• **Data supplied**:
(* Let $\varphi\colon G\to G$ be an endomorphism of a torsion abelian group $G$ and $H\leq G$ a subgroup with $\varphi H\subseteq H$. If the restriction $\varphi|_H\colon H\to H$ and the induced endomorphism $\widetilde\varphi\colon G/H\to G/H$, $\widetilde\varphi(g+H)=\varphi g+H$, are positively expansive, then $\varphi$ is positively expansive. Analogously, if $\varphi$ is an automorphism such that $\varphi|_H$ is an automorphism of $H$, and $\varphi|_H$ and the induced automorphism $\widetilde\varphi$ of $G/H$ are expansive, then $\varphi$ is expansive.
   Context: $\mathbb N=\{0,1,2,\dots\}$. An endomorphism $\varphi$ of an abelian group $G$ is positively expansive if there is a finite subgroup $S\leq G$ such that for every finite subgroup $F\leq G$ there is $n\in\mathbb N$ with $F\subseteq\sum_{k=0}^n\varphi^kS$. An automorphism $\varphi$ is expansive if there is a finite subgroup $S\leq G$ such that for every finite subgroup $F\leq G$ there is $n\in\mathbb N$ with $F\subseteq\sum_{|k|\leq n}\varphi^kS$. *)

theory Defs
  imports "HOL-Algebra.Algebra"
begin

text \<open>Groups are HOL-Algebra (commutative) groups written multiplicatively; the
  paper's sum of subsets A + B corresponds to the set product A <#> B.\<close>

definition torsion_group :: "('a, 'b) monoid_scheme \<Rightarrow> bool" where
  "torsion_group G \<longleftrightarrow> (\<forall>g\<in>carrier G. \<exists>n::nat. n > 0 \<and> g [^]\<^bsub>G\<^esub> n = \<one>\<^bsub>G\<^esub>)"

fun set_sum_list :: "('a, 'b) monoid_scheme \<Rightarrow> 'a set list \<Rightarrow> 'a set" where
  "set_sum_list G [] = {\<one>\<^bsub>G\<^esub>}"
| "set_sum_list G (A # As) = A <#>\<^bsub>G\<^esub> set_sum_list G As"

text \<open>Integer powers of a map on the carrier; negative powers use the inverse map
  (meaningful when the map is an automorphism).\<close>
definition int_iter :: "('a, 'b) monoid_scheme \<Rightarrow> ('a \<Rightarrow> 'a) \<Rightarrow> int \<Rightarrow> 'a \<Rightarrow> 'a" where
  "int_iter G f k = (if 0 \<le> k then f ^^ nat k else (inv_into (carrier G) f) ^^ nat (- k))"

definition pos_expansive :: "('a, 'b) monoid_scheme \<Rightarrow> ('a \<Rightarrow> 'a) \<Rightarrow> bool" where
  "pos_expansive G f \<longleftrightarrow>
     (\<exists>S. subgroup S G \<and> finite S \<and>
        (\<forall>F. subgroup F G \<and> finite F \<longrightarrow>
           (\<exists>n::nat. F \<subseteq> set_sum_list G (map (\<lambda>k. (f ^^ k) ` S) [0..<Suc n]))))"

definition expansive :: "('a, 'b) monoid_scheme \<Rightarrow> ('a \<Rightarrow> 'a) \<Rightarrow> bool" where
  "expansive G f \<longleftrightarrow>
     (\<exists>S. subgroup S G \<and> finite S \<and>
        (\<forall>F. subgroup F G \<and> finite F \<longrightarrow>
           (\<exists>n::nat. F \<subseteq> set_sum_list G (map (\<lambda>k. int_iter G f k ` S) [- int n..int n]))))"

end

theory Submission
  imports Defs
begin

• **Task brief**: Read the entries and pick out all lines that include the word "Algebra".

• **Answer to the problem**:
  imports "HOL-Algebra.Algebra"
text \<open>Groups are HOL-Algebra (commutative) groups written multiplicatively; the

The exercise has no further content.